6.3.2 Reference Path

The reference path consists of an OSCin doubler (OSC_2X), Pre-R divider, and a Post-R divider.

LMX2624-SP Reference Path DiagramFigure 6-1 Reference Path Diagram

The OSCin doubler (OSC_2X) can double up low OSCin frequencies. The OSCin doubler allows one to double the input reference frequency.
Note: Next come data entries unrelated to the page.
(* Let $g>0$, $\gamma>0$, and let $\hat\nu:\mathbb R\to[\nu_0,\nu_1]$ be a stretch-limiting constitutive function (independent of $s$) as in the context. For $b\in(\nu_0,\nu_1)$, let $N(0)\in\mathbb R$ be the unique number with $$b=\int_0^1\hat\nu(N(0)+g\gamma s)\,ds,$$ so that the vertical uniform string hanging from $\mathbf 0$ to $b\mathbf k$ has tension $N(s)=N(0)+g\gamma s$. Let $\epsilon\in(0,1)$. Then for all $\gamma>0$ sufficiently small (depending on $\epsilon$ and $\hat\nu$) the following holds. If $$\nu_1-(1-\epsilon)\frac{g\gamma}{2}\hat\nu_{N^-}(N_1)\le b<\nu_1,$$ then $N(0)>0$ and $\frac{N_1-N(0)}{g\gamma}\in(0,1)$ (i.e. the string is a union of an elongated extensible segment and an inextensible segment). Conversely, if $N(0)>0$ and $\frac{N_1-N(0)}{g\gamma}\in(0,1)$, then $$\nu_1-(1+\epsilon)\frac{g\gamma}{2}\hat\nu_{N^-}(N_1)\le b<\nu_1.$$
   Context: Stretch-limited constitutive function: there are constants $N_0<0<N_1$ and $0<\nu_0<1<\nu_1$ with $\hat\nu(N)=\nu_0$ for $N\le N_0$, $\hat\nu(N)=\nu_1$ for $N\ge N_1$, $\hat\nu\in C^\infty([N_0,N_1];[\nu_0,\nu_1])$, $\hat\nu(0)=1$, and $\hat\nu'(N)\ge c>0$ on $[N_0,N_1]$. $\hat\nu_{N^-}(N_1)$ denotes the left derivative of $\hat\nu$ at $N_1$ (the derivative at $N_1$ of the restriction of $\hat\nu$ to $[N_0,N_1]$). The setting is a uniform vertical string of mass per unit reference length $\gamma$ with $\mathbf r(0)=\mathbf 0$, $\mathbf r(1)=b\mathbf k$, $\mathbf r=z\mathbf k$, stretch $z'(s)=\hat\nu(N(s))$ and tension $N(s)=N(0)+g\gamma s$; the stated integral equation is the condition $z(1)=b$, and existence/uniqueness of $N(0)$ for $b\in(\nu_0,\nu_1)$ holds because $N(0)\mapsto\int_0^1\hat\nu(N(0)+g\gamma s)ds$ is continuous and increasing on $[N_0-g\gamma,N_1]$ with values from $\nu_0$ to $\nu_1$. *)

theory Defs
  imports "HOL-Analysis.Analysis"
begin

definition smooth_on_interval :: "(real \<Rightarrow> real) \<Rightarrow> real \<Rightarrow> real \<Rightarrow> bool" where
  "smooth_on_interval f a b \<longleftrightarrow>
     (\<exists>D :: nat \<Rightarrow> real \<Rightarrow> real.
        (\<forall>x\<in>{a..b}. D 0 x = f x) \<and>
        (\<forall>k. \<forall>x\<in>{a..b}. (D k has_real_derivative D (Suc k) x) (at x within {a..b})))"

definition stretch_limited ::
  "(real \<Rightarrow> real) \<Rightarrow> real \<Rightarrow> real \<Rightarrow> real \<Rightarrow> real \<Rightarrow> real \<Rightarrow> bool" where
  "stretch_limited nu N0 N1 nu0 nu1 c \<longleftrightarrow>
     N0 < 0 \<and> 0 < N1 \<and> 0 < nu0 \<and> nu0 < 1 \<and> 1 < nu1 \<and> 0 < c \<and>
     (\<forall>N. N \<le> N0 \<longrightarrow> nu N = nu0) \<and>
     (\<forall>N. N1 \<le> N \<longrightarrow> nu N = nu1) \<and>
     smooth_on_interval nu N0 N1 \<and>
     (\<forall>N\<in>{N0..N1}. nu0 \<le> nu N \<and> nu N \<le> nu1) \<and>
     nu 0 = 1 \<and>
     (\<forall>N\<in>{N0..N1}. \<exists>d. (nu has_real_derivative d) (at N within {N0..N1}) \<and> c \<le> d)"

end

theory Submission
  imports Defs
begin

(* Write a = g \<gamma> and t = N1 - N(0). Since nu is differentiable from the left at N1 and
   constant nu1 beyond N1, for a small enough nu lies on [N1 - a, N1] between the lines through
   (N1, nu1) of slopes (1 - \<epsilon>/2) nu'(N1) and (1 + \<epsilon>/2) nu'(N1). So for 0 \<le> t \<le> a the
   integrand s \<mapsto> nu (N(0) + a s) is squeezed between nu1 - k max 0 (t - a s) for these two
   slopes k, and that ramp integrates to nu1 - k t\<^sup>2 / (2 a). For 0 < t < a this gives
   nu1 - (1 + \<epsilon>) a nu'(N1) / 2 \<le> b < nu1. Conversely b < nu1 forces t > 0, while t \<ge> a
   would by monotonicity give b \<le> nu1 - (1 - \<epsilon>/2) a nu'(N1) / 2; and a \<le> N1 makes
   N(0) > N1 - a \<ge> 0. *)

lemma has_integral_ramp:
  fixes a t :: real
  assumes "0 < a" "0 \<le> t" "t \<le> a"
  shows "((\<lambda>s. max 0 (t - a * s)) has_integral t\<^sup>2 / (2 * a)) {0..1}"
proof -
  define s0 where "s0 = t / a"
  have s0: "0 \<le> s0" "s0 \<le> 1" "a * s0 = t"
    using assms by (auto simp: s0_def)
  have "((\<lambda>s. t - a * s) has_integral ((\<lambda>s. t * s - a * s\<^sup>2 / 2) s0 - (\<lambda>s. t * s - a * s\<^sup>2 / 2) 0)) {0..s0}"
    by (intro fundamental_theorem_of_calculus s0(1))
      (auto intro!: derivative_eq_intros simp: has_real_derivative_iff_has_vector_derivative[symmetric])
  moreover have "(\<lambda>s. t * s - a * s\<^sup>2 / 2) s0 - (\<lambda>s. t * s - a * s\<^sup>2 / 2) 0 = t\<^sup>2 / (2 * a)"
    using assms s0(3) by (simp add: s0_def field_simps power2_eq_square)
  ultimately have "((\<lambda>s. t - a * s) has_integral t\<^sup>2 / (2 * a)) {0..s0}"
    by simp
  then have "((\<lambda>s. max 0 (t - a * s)) has_integral t\<^sup>2 / (2 * a)) {0..s0}"
    by (rule has_integral_eq[rotated]) (use s0 assms in \<open>auto simp: mult_left_mono\<close>)
  moreover have "((\<lambda>s. max 0 (t - a * s)) has_integral 0) {s0..1}"
  proof (rule has_integral_eq[rotated])
    show "((\<lambda>s. 0) has_integral 0) {s0..1}" by simp
  qed (use s0 assms in \<open>auto simp: mult_left_mono\<close>)
  ultimately show ?thesis
    using has_integral_combine[OF s0(1,2)] by fastforce
qed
This doubler adds minimal noise and is useful for increasing the Phase Detector frequency and also to avoid spurs. When the phase detector frequency is increased, the flat portion of the PLL phase noise improves. Pre-R (PLL_R_PRE) and Post-R (PLL_R) dividers both divide frequency down. The phase detector frequency, fPD, is calculated in Equation 1

Equation 1. fPD = fOSC × OSC_2X / (PLL_R_PRE × PLL_R)

For Equation 1, remember:

  • If the OSCin doubler is used, the OSCin signal must have around 50% duty cycle as both the rising and falling edges are used. Otherwise the spurs are high.
  • If the OSCin doubler is not used, only rising edges of the OSCin signal are used and duty cycle is not critical.